SOURCE MATERIAL ->
--
(* Let $p$ be a prime, $q$ a power of $p$, and $F$ a field of characteristic $p$ containing $\mathbb{F}_q$. Let $L\in F[x]$ be a monic $q$-polynomial of $q$-degree $n$ such that: (1) $L(x)/x$ is irreducible over $F$; (2) $L$ is not a $q^s$-polynomial for any integer $s>1$; (3) $L=x^{q^n}+a_{n-k}x^{q^{n-k}}+\cdots+a_0x$ with $1\leq k\leq n$ and $a_{n-k}\neq0$. Let $V$ be the space of roots of $L$ in a splitting field $E$ of $L$ over $F$, and let $\alpha,\beta\in V$ be linearly independent over $\mathbb{F}_q$. If $d$ is a positive integer such that $\alpha^d,\alpha^{d-1}\beta,\dots,\beta^d$ are linearly dependent over $F$, then $d\geq q^k+1$.
   Context: A $q$-polynomial of $q$-degree $n$ is $\sum_{i=0}^n a_ix^{q^i}$ with $a_n\neq0$; it is a $q^s$-polynomial if only exponents $q^j$ with $s\mid j$ occur. *)

theory Defs
  imports "HOL-Computational_Algebra.Polynomial"
begin

definition field_hom :: "('f::field \<Rightarrow> 'e::field) \<Rightarrow> bool" where
  "field_hom \<phi> \<longleftrightarrow> \<phi> 1 = 1 \<and> (\<forall>a b. \<phi> (a + b) = \<phi> a + \<phi> b) \<and> (\<forall>a b. \<phi> (a * b) = \<phi> a * \<phi> b)"

definition is_subfield :: "'e::field set \<Rightarrow> bool" where
  "is_subfield S \<longleftrightarrow> 0 \<in> S \<and> 1 \<in> S \<and> (\<forall>a\<in>S. \<forall>b\<in>S. a + b \<in> S \<and> a * b \<in> S)
     \<and> (\<forall>a\<in>S. - a \<in> S \<and> inverse a \<in> S)"

text \<open>E (the type 'e) is a splitting field of L over F, where F embeds into E via phi:
  the image of L splits into linear factors over E, and E is generated as a field by
  phi(F) together with the roots of L.\<close>
definition is_splitting_field :: "('f::field \<Rightarrow> 'e::field) \<Rightarrow> 'f poly \<Rightarrow> bool" where
  "is_splitting_field \<phi> L \<longleftrightarrow> field_hom \<phi> \<and>
     (\<exists>c rs. map_poly \<phi> L = smult c (prod_list (map (\<lambda>r. [:- r, 1:]) rs))) \<and>
     (\<forall>S. is_subfield S \<and> range \<phi> \<subseteq> S \<and> {x. poly (map_poly \<phi> L) x = 0} \<subseteq> S \<longrightarrow> S = UNIV)"

definition is_q_poly :: "nat \<Rightarrow> 'f::field poly \<Rightarrow> bool" where
  "is_q_poly q L \<longleftrightarrow> (\<forall>j. coeff L j \<noteq> 0 \<longrightarrow> (\<exists>i. j = q ^ i))"

definition is_qs_poly :: "nat \<Rightarrow> nat \<Rightarrow> 'f::field poly \<Rightarrow> bool" where
  "is_qs_poly q s L \<longleftrightarrow> (\<forall>j. coeff L j \<noteq> 0 \<longrightarrow> (\<exists>i. s dvd i \<and> j = q ^ i))"

end

(*
  Put \<gamma> = \<beta>/\<alpha>. A dependence relation of degree d between the monomials in \<alpha>, \<beta> gives
  a nonzero f \<in> F[x] of degree at most d with f(\<gamma>) = 0, and f can be chosen without roots in
  F_q, because \<gamma> \<notin> F_q by the linear independence of \<alpha> and \<beta>. Since L(x)/x is irreducible,
  every nonzero root u of L is conjugate to \<alpha> over F, so the common root \<beta> of L(y) and of
  \<alpha>^(deg f) f(y/\<alpha>) is transported to a root r of f with r u again a root of L.
  For r \<notin> F_q the polynomial L(r x) - r^(q^n) L(x) is nonzero (L is not a q^s-polynomial) and has
  degree at most q^(n-k) by the gap in the coefficients of L, so fewer than q^(n-k) nonzero roots u
  satisfy L(r u) = 0. Counting the q^n - 1 nonzero roots of the separable polynomial L gives
  q^n - 1 \<le> d (q^(n-k) - 1), hence d \<ge> q^k + 1.
*)
theory Submission
  imports Defs "Subresultants.More_Homomorphisms"
begin

section \<open>Polynomials over a subfield\<close>

definition poly_over :: "'a::zero set \<Rightarrow> 'a poly \<Rightarrow> bool" where
  "poly_over K p \<longleftrightarrow> (\<forall>i. coeff p i \<in> K)"

definition bezout_divisor :: "'a::comm_ring_1 set \<Rightarrow> 'a poly \<Rightarrow> 'a poly \<Rightarrow> 'a poly \<Rightarrow> bool" where
  "bezout_divisor K A B D \<longleftrightarrow> D dvd A \<and> D dvd B \<and>
     (\<exists>S T. poly_over K S \<and> poly_over K T \<and> S * A + T * B = D)"

lemma bezout_divisor_swap: "bezout_divisor K A B D \<longleftrightarrow> bezout_divisor K B A D"
  unfolding bezout_divisor_def by (metis add.commute)

context
  fixes K :: "'a::field set"
  assumes K: "is_subfield K"
begin

lemma subfield_closed:
  "0 \<in> K" "1 \<in> K" "x \<in> K \<Longrightarrow> y \<in> K \<Longrightarrow> x + y \<in> K" "x \<in> K \<Longrightarrow> y \<in> K \<Longrightarrow> x * y \<in> K"
  "x \<in> K \<Longrightarrow> - x \<in> K" "x \<in> K \<Longrightarrow> inverse x \<in> K"
  using K by (auto simp: is_subfield_def)

lemma sum_in_subfield: "(\<And>i. i \<in> A \<Longrightarrow> f i \<in> K) \<Longrightarrow> sum f A \<in> K"
  by (induction A rule: infinite_finite_induct) (auto intro: subfield_closed)

lemma poly_over_0: "poly_over K 0"
  and poly_over_1: "poly_over K 1"
  and poly_over_monom: "c \<in> K \<Longrightarrow> poly_over K (monom c n)"
  by (auto simp: poly_over_def coeff_1 coeff_monom subfield_closed)

lemma poly_over_diff: "poly_over K p \<Longrightarrow> poly_over K q \<Longrightarrow> poly_over K (p - q)"
  unfolding poly_over_def coeff_diff unfolding diff_conv_add_uminus by (blast intro: subfield_closed)

lemma poly_over_mult: "poly_over K p \<Longrightarrow> poly_over K q \<Longrightarrow> poly_over K (p * q)"
  unfolding poly_over_def coeff_mult by (auto intro!: sum_in_subfield subfield_closed)

lemma poly_over_smult: "c \<in> K \<Longrightarrow> poly_over K p \<Longrightarrow> poly_over K (Polynomial.smult c p)"
  unfolding poly_over_def by (auto intro: subfield_closed)

lemma bezout_divisor_0: "bezout_divisor K X 0 X"
  using poly_over_0 poly_over_1 by (fastforce simp: bezout_divisor_def)

lemma bezout_divisor_reduce:
  assumes "poly_over K m" "bezout_divisor K (A - m * B) B D"
  shows "bezout_divisor K A B D"
proof -
  obtain S T where ST: "poly_over K S" "poly_over K T" "S * (A - m * B) + T * B = D"
    and dvd: "D dvd A - m * B" "D dvd B"
    using assms(2) by (auto simp: bezout_divisor_def)
  have "S * A + (T - S * m) * B = D"
    using ST(3) by (simp add: algebra_simps)
  moreover have "poly_over K (T - S * m)"
    using ST assms(1) by (intro poly_over_diff poly_over_mult)
  moreover have "D dvd A"
    using dvd by (metis diff_add_cancel dvd_add dvd_mult)
  ultimately show ?thesis
    using ST(1) dvd(2) unfolding bezout_divisor_def by blast
qed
--
Repeat all of the records, letter for letter.

(* Let $p$ be a prime, $q$ a power of $p$, and $F$ a field of characteristic $p$ containing $\mathbb{F}_q$. Let $L\in F[x]$ be a monic $q$-polynomial of $q$-degree $n$ such that: (1) $L(x)/x$ is irreducible over $F$; (2) $L$ is not a $q^s$-polynomial for any integer $s>1$; (3) $L=x^{q^n}+a_{n-k}x^{q^{n-k}}+\cdots+a_0x$ with $1\leq k\leq n$ and $a_{n-k}\neq0$. Let $V$ be the space of roots of $L$ in a splitting field $E$ of $L$ over $F$, and let $\alpha,\beta\in V$ be linearly independent over $\mathbb{F}_q$. If $d$ is a positive integer such that $\alpha^d,\alpha^{d-1}\beta,\dots,\beta^d$ are linearly dependent over $F$, then $d\geq q^k+1$.
   Context: A $q$-polynomial of $q$-degree $n$ is $\sum_{i=0}^n a_ix^{q^i}$ with $a_n\neq0$; it is a $q^s$-polynomial if only exponents $q^j$ with $s\mid j$ occur. *)

theory Defs
  imports "HOL-Computational_Algebra.Polynomial"
begin

definition field_hom :: "('f::field \<Rightarrow> 'e::field) \<Rightarrow> bool" where
  "field_hom \<phi> \<longleftrightarrow> \<phi> 1 = 1 \<and> (\<forall>a b. \<phi> (a + b) = \<phi> a + \<phi> b) \<and> (\<forall>a b. \<phi> (a * b) = \<phi> a * \<phi> b)"

definition is_subfield :: "'e::field set \<Rightarrow> bool" where
  "is_subfield S \<longleftrightarrow> 0 \<in> S \<and> 1 \<in> S \<and> (\<forall>a\<in>S. \<forall>b\<in>S. a + b \<in> S \<and> a * b \<in> S)
     \<and> (\<forall>a\<in>S. - a \<in> S \<and> inverse a \<in> S)"

text \<open>E (the type 'e) is a splitting field of L over F, where F embeds into E via phi:
  the image of L splits into linear factors over E, and E is generated as a field by
  phi(F) together with the roots of L.\<close>
definition is_splitting_field :: "('f::field \<Rightarrow> 'e::field) \<Rightarrow> 'f poly \<Rightarrow> bool" where
  "is_splitting_field \<phi> L \<longleftrightarrow> field_hom \<phi> \<and>
     (\<exists>c rs. map_poly \<phi> L = smult c (prod_list (map (\<lambda>r. [:- r, 1:]) rs))) \<and>
     (\<forall>S. is_subfield S \<and> range \<phi> \<subseteq> S \<and> {x. poly (map_poly \<phi> L) x = 0} \<subseteq> S \<longrightarrow> S = UNIV)"

definition is_q_poly :: "nat \<Rightarrow> 'f::field poly \<Rightarrow> bool" where
  "is_q_poly q L \<longleftrightarrow> (\<forall>j. coeff L j \<noteq> 0 \<longrightarrow> (\<exists>i. j = q ^ i))"

definition is_qs_poly :: "nat \<Rightarrow> nat \<Rightarrow> 'f::field poly \<Rightarrow> bool" where
  "is_qs_poly q s L \<longleftrightarrow> (\<forall>j. coeff L j \<noteq> 0 \<longrightarrow> (\<exists>i. s dvd i \<and> j = q ^ i))"

end

(*
  Put \<gamma> = \<beta>/\<alpha>. A dependence relation of degree d between the monomials in \<alpha>, \<beta> gives
  a nonzero f \<in> F[x] of degree at most d with f(\<gamma>) = 0, and f can be chosen without roots in
  F_q, because \<gamma> \<notin> F_q by the linear independence of \<alpha> and \<beta>. Since L(x)/x is irreducible,
  every nonzero root u of L is conjugate to \<alpha> over F, so the common root \<beta> of L(y) and of
  \<alpha>^(deg f) f(y/\<alpha>) is transported to a root r of f with r u again a root of L.
  For r \<notin> F_q the polynomial L(r x) - r^(q^n) L(x) is nonzero (L is not a q^s-polynomial) and has
  degree at most q^(n-k) by the gap in the coefficients of L, so fewer than q^(n-k) nonzero roots u
  satisfy L(r u) = 0. Counting the q^n - 1 nonzero roots of the separable polynomial L gives
  q^n - 1 \<le> d (q^(n-k) - 1), hence d \<ge> q^k + 1.
*)
theory Submission
  imports Defs "Subresultants.More_Homomorphisms"
begin

section \<open>Polynomials over a subfield\<close>

definition poly_over :: "'a::zero set \<Rightarrow> 'a poly \<Rightarrow> bool" where
  "poly_over K p \<longleftrightarrow> (\<forall>i. coeff p i \<in> K)"

definition bezout_divisor :: "'a::comm_ring_1 set \<Rightarrow> 'a poly \<Rightarrow> 'a poly \<Rightarrow> 'a poly \<Rightarrow> bool" where
  "bezout_divisor K A B D \<longleftrightarrow> D dvd A \<and> D dvd B \<and>
     (\<exists>S T. poly_over K S \<and> poly_over K T \<and> S * A + T * B = D)"

lemma bezout_divisor_swap: "bezout_divisor K A B D \<longleftrightarrow> bezout_divisor K B A D"
  unfolding bezout_divisor_def by (metis add.commute)

context
  fixes K :: "'a::field set"
  assumes K: "is_subfield K"
begin

lemma subfield_closed:
  "0 \<in> K" "1 \<in> K" "x \<in> K \<Longrightarrow> y \<in> K \<Longrightarrow> x + y \<in> K" "x \<in> K \<Longrightarrow> y \<in> K \<Longrightarrow> x * y \<in> K"
  "x \<in> K \<Longrightarrow> - x \<in> K" "x \<in> K \<Longrightarrow> inverse x \<in> K"
  using K by (auto simp: is_subfield_def)

lemma sum_in_subfield: "(\<And>i. i \<in> A \<Longrightarrow> f i \<in> K) \<Longrightarrow> sum f A \<in> K"
  by (induction A rule: infinite_finite_induct) (auto intro: subfield_closed)

lemma poly_over_0: "poly_over K 0"
  and poly_over_1: "poly_over K 1"
  and poly_over_monom: "c \<in> K \<Longrightarrow> poly_over K (monom c n)"
  by (auto simp: poly_over_def coeff_1 coeff_monom subfield_closed)

lemma poly_over_diff: "poly_over K p \<Longrightarrow> poly_over K q \<Longrightarrow> poly_over K (p - q)"
  unfolding poly_over_def coeff_diff unfolding diff_conv_add_uminus by (blast intro: subfield_closed)

lemma poly_over_mult: "poly_over K p \<Longrightarrow> poly_over K q \<Longrightarrow> poly_over K (p * q)"
  unfolding poly_over_def coeff_mult by (auto intro!: sum_in_subfield subfield_closed)

lemma poly_over_smult: "c \<in> K \<Longrightarrow> poly_over K p \<Longrightarrow> poly_over K (Polynomial.smult c p)"
  unfolding poly_over_def by (auto intro: subfield_closed)

lemma bezout_divisor_0: "bezout_divisor K X 0 X"
  using poly_over_0 poly_over_1 by (fastforce simp: bezout_divisor_def)

lemma bezout_divisor_reduce:
  assumes "poly_over K m" "bezout_divisor K (A - m * B) B D"
  shows "bezout_divisor K A B D"
proof -
  obtain S T where ST: "poly_over K S" "poly_over K T" "S * (A - m * B) + T * B = D"
    and dvd: "D dvd A - m * B" "D dvd B"
    using assms(2) by (auto simp: bezout_divisor_def)
  have "S * A + (T - S * m) * B = D"
    using ST(3) by (simp add: algebra_simps)
  moreover have "poly_over K (T - S * m)"
    using ST assms(1) by (intro poly_over_diff poly_over_mult)
  moreover have "D dvd A"
    using dvd by (metis diff_add_cancel dvd_add dvd_mult)
  ultimately show ?thesis
    using ST(1) dvd(2) unfolding bezout_divisor_def by blast
qed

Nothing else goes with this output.